*Problem to solve:* Produce word for word the lines of the data below running from the one that has "theory Defs" to the one that has "text \<open>Near its", inclusive, and no others.
START Data records
(* Suppose that $2\le n_0<\infty$ and that $S$ is submultiplicative on $[1,n_0]$. Then for every $M>0$ there exist $N_0>n_0$ and an extension of $S$ to $[1,N_0]$ which is submultiplicative on $[1,N_0]$ and satisfies $S(N_0)>M$.
   Context: Let $2\le n_0\le\infty$ and let $S$ be a real-valued function on $[1,n_0]$ (on $[1,\infty)$ if $n_0=\infty$). $S$ is called submultiplicative on $[1,n_0]$ if: (a) $S$ is piecewise-linear, continuous, strictly increasing and concave; (b) $S(x)=x$ for $1\le x\le 2$; (c) $S(xy)\le S(x)S(y)$ for all $x,y$ with $1\le x,y,xy\le n_0$. *)

theory Defs
  imports "HOL-Analysis.Analysis"
begin

definition piecewise_linear_on :: "real \<Rightarrow> real \<Rightarrow> (real \<Rightarrow> real) \<Rightarrow> bool" where
  "piecewise_linear_on a b S \<longleftrightarrow>
     (\<exists>P. finite P \<and> a \<in> P \<and> b \<in> P \<and> P \<subseteq> {a..b} \<and>
        (\<forall>x\<in>P. \<forall>y\<in>P. x < y \<and> {x<..<y} \<inter> P = {} \<longrightarrow>
           (\<exists>m c. \<forall>t\<in>{x..y}. S t = m * t + c)))"

definition submultiplicative_on :: "real \<Rightarrow> (real \<Rightarrow> real) \<Rightarrow> bool" where
  "submultiplicative_on n0 S \<longleftrightarrow>
     piecewise_linear_on 1 n0 S \<and>
     continuous_on {1..n0} S \<and>
     strict_mono_on {1..n0} S \<and>
     concave_on {1..n0} S \<and>
     (\<forall>x\<in>{1..2}. S x = x) \<and>
     (\<forall>x y. 1 \<le> x \<longrightarrow> 1 \<le> y \<longrightarrow> x * y \<le> n0 \<longrightarrow> S (x * y) \<le> S x * S y)"

end

theory Submission
  imports Defs
begin

text \<open>Near its right end point b, a submultiplicative S is affine with some slope m > 0, and
concavity forces every chord of S to have slope at least m. Continue S beyond b affinely with a
small slope d, chosen so that d b \<le> min m (1/2), up to c = b + 1/d, where the continuation has
gained exactly 1. Concavity survives because d \<le> m. For submultiplicativity of a product x y
beyond b, either one factor lies beyond b, where S b \<ge> 2 and d (x y) \<le> d b + 1 \<le> 3/2 suffice,
or both lie below b: then writing b = x' y with x' \<le> x, the value S x exceeds S x' by at
least m (x - x'), which dominates the increment d (x y - b) \<le> d b (x - x'). Iterating such
extensions raises the value at the end point past any bound.\<close>

lemma concave_on_mono_on_if_const_tail:
  fixes g :: "real \<Rightarrow> real"
  assumes conc: "concave_on {a..b} g" and "p < b" and const: "\<forall>t\<in>{p..b}. g t = c"
  shows "mono_on {a..b} g"
proof -
  have le_const: "g u \<le> c" if "a \<le> u" "u \<le> b" for u
  proof (rule ccontr)
    assume "\<not> g u \<le> c"
    then have "u < p"
      using const that by force
    have "concave_on {u..b} g"
      using convex_on_subset[OF conc[unfolded concave_on_def], of "{u..b}"] that
      unfolding concave_on_def by auto
    then have "g p \<ge> (g u - g b) / (b - u) * (b - p) + g b"
      using concave_onD_Icc''[of u b g p] \<open>u < p\<close> \<open>p < b\<close> by simp
    moreover have "(g u - g b) / (b - u) * (b - p) > 0"
      using \<open>\<not> g u \<le> c\<close> \<open>u < p\<close> \<open>p < b\<close> const by (intro mult_pos_pos divide_pos_pos) auto
    ultimately show False
      using const \<open>p < b\<close> by auto
  qed
  show ?thesis
  proof (rule mono_onI)
    fix u v assume uv: "u \<in> {a..b}" "v \<in> {a..b}" "u \<le> v"
    show "g u \<le> g v"
    proof (cases "p \<le> v")
      case True
      then show ?thesis
        using const le_const uv by auto
    next
      case False
      have "concave_on {u..b} g"
        using convex_on_subset[OF conc[unfolded concave_on_def], of "{u..b}"] uv
        unfolding concave_on_def by auto
      then have "min (g u) (g b) \<le> g v"
        using concave_on_ge_min uv by auto
      then show ?thesis
        using const le_const uv \<open>p < b\<close> by auto
    qed
  qed
qed

lemma concave_on_slope_ge_if_affine_tail:
  fixes S :: "real \<Rightarrow> real"
  assumes conc: "concave_on {a..b} S" and "p < b" and affine: "\<forall>t\<in>{p..b}. S t = m * t + c"
    and "a \<le> u" "u \<le> v" "v \<le> b"
  shows "m * (v - u) \<le> S v - S u"
proof -
  have "convex_on {a..b} (\<lambda>t. m * t)"
    by (simp add: convex_on_def algebra_simps)
  then have "concave_on {a..b} (\<lambda>t. S t - m * t)"
    by (rule concave_on_diff[OF conc])
  moreover have "\<forall>t\<in>{p..b}. S t - m * t = S b - m * b"
    using affine \<open>p < b\<close> by auto
  ultimately have "mono_on {a..b} (\<lambda>t. S t - m * t)"
    using concave_on_mono_on_if_const_tail \<open>p < b\<close> by blast
  then have "S u - m * u \<le> S v - m * v"
    using mono_onD[of "{a..b}" _ u v] assms by auto
  then show ?thesis by (simp add: algebra_simps)
qed

lemma piecewise_linear_on_last_piece:
  assumes "piecewise_linear_on a b S" and "a < b"
  obtains p m c where "a \<le> p" "p < b" "\<forall>t\<in>{p..b}. S t = m * t + c"
proof -
  obtain P where "finite P" "a \<in> P" "b \<in> P" "P \<subseteq> {a..b}"
    and pieces: "\<forall>x\<in>P. \<forall>y\<in>P. x < y \<and> {x<..<y} \<inter> P = {} \<longrightarrow>
           (\<exists>m c. \<forall>t\<in>{x..y}. S t = m * t + c)"
    using assms(1) unfolding piecewise_linear_on_def by blast
  define p where "p = Max {x\<in>P. x < b}"
  have fin: "finite {x\<in>P. x < b}" and mem: "a \<in> {x\<in>P. x < b}"
    using \<open>finite P\<close> \<open>a \<in> P\<close> \<open>a < b\<close> by auto
  have p: "p \<in> P" "p < b"
    unfolding p_def using Max_in[OF fin] mem by blast+
  have "{p<..<b} \<inter> P = {}"
  proof -
    have "x \<le> p" if "x \<in> P" "x < b" for x
      unfolding p_def using Max_ge[OF fin] that by simp
    then show ?thesis by fastforce
  qed
  then have "\<exists>m c. \<forall>t\<in>{p..b}. S t = m * t + c"
    using pieces p \<open>b \<in> P\<close> by blast
  moreover have "a \<le> p"
    unfolding p_def using Max_ge[OF fin mem] .
  ultimately show thesis
    using that \<open>p < b\<close> by blast
qed

definition affine_extension :: "real \<Rightarrow> (real \<Rightarrow> real) \<Rightarrow> real \<Rightarrow> real \<Rightarrow> real" where
  "affine_extension b S d t = (if t \<le> b then S t else S b + d * (t - b))"

lemma affine_extension_eq [simp]: "t \<le> b \<Longrightarrow> affine_extension b S d t = S t"
  by (simp add: affine_extension_def)

lemma affine_extension_eq_tail: "b \<le> t \<Longrightarrow> affine_extension b S d t = S b + d * (t - b)"
  by (simp add: affine_extension_def)

lemma affine_extension_eq_min:
  "affine_extension b S d t = (S (min t b) - d * min t b) + d * t"
  by (simp add: affine_extension_def min_def algebra_simps)

lemma piecewise_linear_on_affine_extension:
  assumes "piecewise_linear_on a b S" and "b < c"
  shows "piecewise_linear_on a c (affine_extension b S d)"
proof -
  obtain P where "finite P" "a \<in> P" "b \<in> P" "P \<subseteq> {a..b}"
    and pieces: "\<forall>x\<in>P. \<forall>y\<in>P. x < y \<and> {x<..<y} \<inter> P = {} \<longrightarrow>
           (\<exists>m k. \<forall>t\<in>{x..y}. S t = m * t + k)"
    using assms(1) unfolding piecewise_linear_on_def by blast
  have extended_pieces: "\<exists>m k. \<forall>t\<in>{x..y}. affine_extension b S d t = m * t + k"
    if "x \<in> insert c P" "y \<in> insert c P" "x < y" and gap: "{x<..<y} \<inter> insert c P = {}" for x y
  proof (cases "y = c")
    case True
    have "x \<le> b"
      using that True \<open>P \<subseteq> {a..b}\<close> by auto
    moreover have "b \<notin> {x<..<y}"
      using gap \<open>b \<in> P\<close> by blast
    ultimately have "x = b"
      using True \<open>b < c\<close> by auto
    then have "\<forall>t\<in>{x..y}. affine_extension b S d t = d * t + (S b - d * b)"
      by (auto simp: affine_extension_eq_tail algebra_simps)
    then show ?thesis by blast
  next
    case False
    then have "x \<in> P" "y \<in> P" "y \<le> b"
      using that \<open>P \<subseteq> {a..b}\<close> \<open>b < c\<close> by auto
    moreover have "{x<..<y} \<inter> P = {}"
      using gap by blast
    ultimately obtain m k where "\<forall>t\<in>{x..y}. S t = m * t + k"
      using pieces \<open>x < y\<close> by blast
    then show ?thesis
      using \<open>y \<le> b\<close> by auto
  qed
  show ?thesis
    unfolding piecewise_linear_on_def
  proof (intro exI[of _ "insert c P"] conjI ballI impI)
    show "finite (insert c P)" "a \<in> insert c P" "c \<in> insert c P" "insert c P \<subseteq> {a..c}"
      using \<open>finite P\<close> \<open>a \<in> P\<close> \<open>P \<subseteq> {a..b}\<close> \<open>b < c\<close> by auto
  qed (use extended_pieces in blast)
qed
END Data records
*Expected output:*
theory Defs
  imports "HOL-Analysis.Analysis"
begin

definition piecewise_linear_on :: "real \<Rightarrow> real \<Rightarrow> (real \<Rightarrow> real) \<Rightarrow> bool" where
  "piecewise_linear_on a b S \<longleftrightarrow>
     (\<exists>P. finite P \<and> a \<in> P \<and> b \<in> P \<and> P \<subseteq> {a..b} \<and>
        (\<forall>x\<in>P. \<forall>y\<in>P. x < y \<and> {x<..<y} \<inter> P = {} \<longrightarrow>
           (\<exists>m c. \<forall>t\<in>{x..y}. S t = m * t + c)))"

definition submultiplicative_on :: "real \<Rightarrow> (real \<Rightarrow> real) \<Rightarrow> bool" where
  "submultiplicative_on n0 S \<longleftrightarrow>
     piecewise_linear_on 1 n0 S \<and>
     continuous_on {1..n0} S \<and>
     strict_mono_on {1..n0} S \<and>
     concave_on {1..n0} S \<and>
     (\<forall>x\<in>{1..2}. S x = x) \<and>
     (\<forall>x y. 1 \<le> x \<longrightarrow> 1 \<le> y \<longrightarrow> x * y \<le> n0 \<longrightarrow> S (x * y) \<le> S x * S y)"

end

theory Submission
  imports Defs
begin

text \<open>Near its right end point b, a submultiplicative S is affine with some slope m > 0, and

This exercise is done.